### DIRECTIONS
Please reproduce, exactly and with nothing added, the line containing "finally show ?thesis ." and every line after it to the end of the records.

### SOURCE DATA
== Segment start ==

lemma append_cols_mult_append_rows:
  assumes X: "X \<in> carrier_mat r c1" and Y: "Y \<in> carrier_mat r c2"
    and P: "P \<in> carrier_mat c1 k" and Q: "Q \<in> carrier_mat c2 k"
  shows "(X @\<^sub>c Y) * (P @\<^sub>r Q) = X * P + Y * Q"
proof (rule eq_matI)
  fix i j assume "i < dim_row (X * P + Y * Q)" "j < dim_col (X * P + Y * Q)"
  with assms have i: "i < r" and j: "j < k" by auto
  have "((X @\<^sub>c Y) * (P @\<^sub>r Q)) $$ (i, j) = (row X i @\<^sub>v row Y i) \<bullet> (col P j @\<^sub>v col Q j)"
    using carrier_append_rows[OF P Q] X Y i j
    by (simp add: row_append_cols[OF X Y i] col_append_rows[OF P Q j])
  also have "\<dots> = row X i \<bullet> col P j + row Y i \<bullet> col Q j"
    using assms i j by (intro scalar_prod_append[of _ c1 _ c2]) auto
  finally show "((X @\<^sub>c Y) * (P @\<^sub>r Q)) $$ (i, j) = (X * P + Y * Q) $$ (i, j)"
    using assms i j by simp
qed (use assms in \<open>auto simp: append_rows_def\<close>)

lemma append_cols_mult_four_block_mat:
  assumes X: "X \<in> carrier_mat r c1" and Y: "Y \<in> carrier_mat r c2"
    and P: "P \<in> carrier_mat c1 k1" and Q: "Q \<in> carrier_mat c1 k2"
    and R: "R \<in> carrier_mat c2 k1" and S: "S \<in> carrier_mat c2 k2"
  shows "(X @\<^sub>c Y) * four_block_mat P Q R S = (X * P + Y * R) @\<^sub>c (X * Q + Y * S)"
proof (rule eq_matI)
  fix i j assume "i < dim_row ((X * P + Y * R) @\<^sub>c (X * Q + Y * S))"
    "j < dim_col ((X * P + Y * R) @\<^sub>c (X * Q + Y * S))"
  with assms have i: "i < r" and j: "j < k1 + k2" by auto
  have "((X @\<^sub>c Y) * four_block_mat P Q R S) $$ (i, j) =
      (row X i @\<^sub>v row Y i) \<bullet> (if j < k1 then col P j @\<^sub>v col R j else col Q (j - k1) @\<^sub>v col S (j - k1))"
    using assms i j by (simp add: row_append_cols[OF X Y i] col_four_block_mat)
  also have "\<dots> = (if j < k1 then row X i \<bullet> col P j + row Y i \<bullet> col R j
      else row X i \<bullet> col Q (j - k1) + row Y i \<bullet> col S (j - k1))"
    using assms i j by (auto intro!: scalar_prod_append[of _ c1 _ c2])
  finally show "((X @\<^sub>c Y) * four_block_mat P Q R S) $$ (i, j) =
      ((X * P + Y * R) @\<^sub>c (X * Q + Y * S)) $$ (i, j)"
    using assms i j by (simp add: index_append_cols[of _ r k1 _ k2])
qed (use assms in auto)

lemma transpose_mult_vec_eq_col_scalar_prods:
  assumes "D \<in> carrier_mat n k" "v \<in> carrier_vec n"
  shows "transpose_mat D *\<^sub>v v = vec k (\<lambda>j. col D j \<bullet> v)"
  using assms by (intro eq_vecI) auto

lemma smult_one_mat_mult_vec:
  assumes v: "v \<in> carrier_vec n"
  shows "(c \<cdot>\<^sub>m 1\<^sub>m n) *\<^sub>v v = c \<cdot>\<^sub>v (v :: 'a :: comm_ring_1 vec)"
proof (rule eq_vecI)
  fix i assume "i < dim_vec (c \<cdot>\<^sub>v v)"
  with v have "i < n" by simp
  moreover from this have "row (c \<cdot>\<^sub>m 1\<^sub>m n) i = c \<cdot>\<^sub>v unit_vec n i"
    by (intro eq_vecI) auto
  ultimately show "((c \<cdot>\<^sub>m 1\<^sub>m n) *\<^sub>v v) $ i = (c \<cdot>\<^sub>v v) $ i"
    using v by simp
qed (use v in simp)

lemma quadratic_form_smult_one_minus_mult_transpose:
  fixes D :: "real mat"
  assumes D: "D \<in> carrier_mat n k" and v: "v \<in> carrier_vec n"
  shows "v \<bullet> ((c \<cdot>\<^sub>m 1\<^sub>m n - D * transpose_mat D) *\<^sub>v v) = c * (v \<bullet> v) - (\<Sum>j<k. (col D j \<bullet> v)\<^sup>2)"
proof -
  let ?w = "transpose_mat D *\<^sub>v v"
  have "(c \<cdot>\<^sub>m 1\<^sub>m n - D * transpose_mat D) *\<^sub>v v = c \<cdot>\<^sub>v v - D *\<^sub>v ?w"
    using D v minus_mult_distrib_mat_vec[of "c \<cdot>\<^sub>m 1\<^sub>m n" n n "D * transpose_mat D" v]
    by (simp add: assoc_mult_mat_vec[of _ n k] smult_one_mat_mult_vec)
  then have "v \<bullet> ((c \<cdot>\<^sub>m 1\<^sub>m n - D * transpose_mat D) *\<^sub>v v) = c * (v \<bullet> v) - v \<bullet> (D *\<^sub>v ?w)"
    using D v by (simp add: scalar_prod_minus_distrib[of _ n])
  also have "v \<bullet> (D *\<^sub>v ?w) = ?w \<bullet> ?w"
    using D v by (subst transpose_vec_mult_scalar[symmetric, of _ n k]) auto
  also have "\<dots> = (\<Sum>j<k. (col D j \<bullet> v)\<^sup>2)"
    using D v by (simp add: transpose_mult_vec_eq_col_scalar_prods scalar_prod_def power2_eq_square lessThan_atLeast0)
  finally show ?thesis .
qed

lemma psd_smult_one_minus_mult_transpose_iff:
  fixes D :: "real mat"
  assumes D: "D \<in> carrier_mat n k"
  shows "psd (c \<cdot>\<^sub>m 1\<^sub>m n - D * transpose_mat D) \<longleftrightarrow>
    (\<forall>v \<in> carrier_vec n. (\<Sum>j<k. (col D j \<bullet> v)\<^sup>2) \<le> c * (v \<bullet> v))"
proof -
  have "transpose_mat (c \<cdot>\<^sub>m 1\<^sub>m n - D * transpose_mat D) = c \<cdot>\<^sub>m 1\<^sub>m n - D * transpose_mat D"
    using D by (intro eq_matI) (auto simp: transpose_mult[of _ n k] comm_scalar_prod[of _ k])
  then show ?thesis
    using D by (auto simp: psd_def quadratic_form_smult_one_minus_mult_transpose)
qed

== Segment end ==

### SOLUTION TO THIS EXERCISE
  finally show ?thesis .
qed

lemma psd_smult_one_minus_mult_transpose_iff:
  fixes D :: "real mat"
  assumes D: "D \<in> carrier_mat n k"
  shows "psd (c \<cdot>\<^sub>m 1\<^sub>m n - D * transpose_mat D) \<longleftrightarrow>
    (\<forall>v \<in> carrier_vec n. (\<Sum>j<k. (col D j \<bullet> v)\<^sup>2) \<le> c * (v \<bullet> v))"
proof -
  have "transpose_mat (c \<cdot>\<^sub>m 1\<^sub>m n - D * transpose_mat D) = c \<cdot>\<^sub>m 1\<^sub>m n - D * transpose_mat D"
    using D by (intro eq_matI) (auto simp: transpose_mult[of _ n k] comm_scalar_prod[of _ k])
  then show ?thesis
    using D by (auto simp: psd_def quadratic_form_smult_one_minus_mult_transpose)
qed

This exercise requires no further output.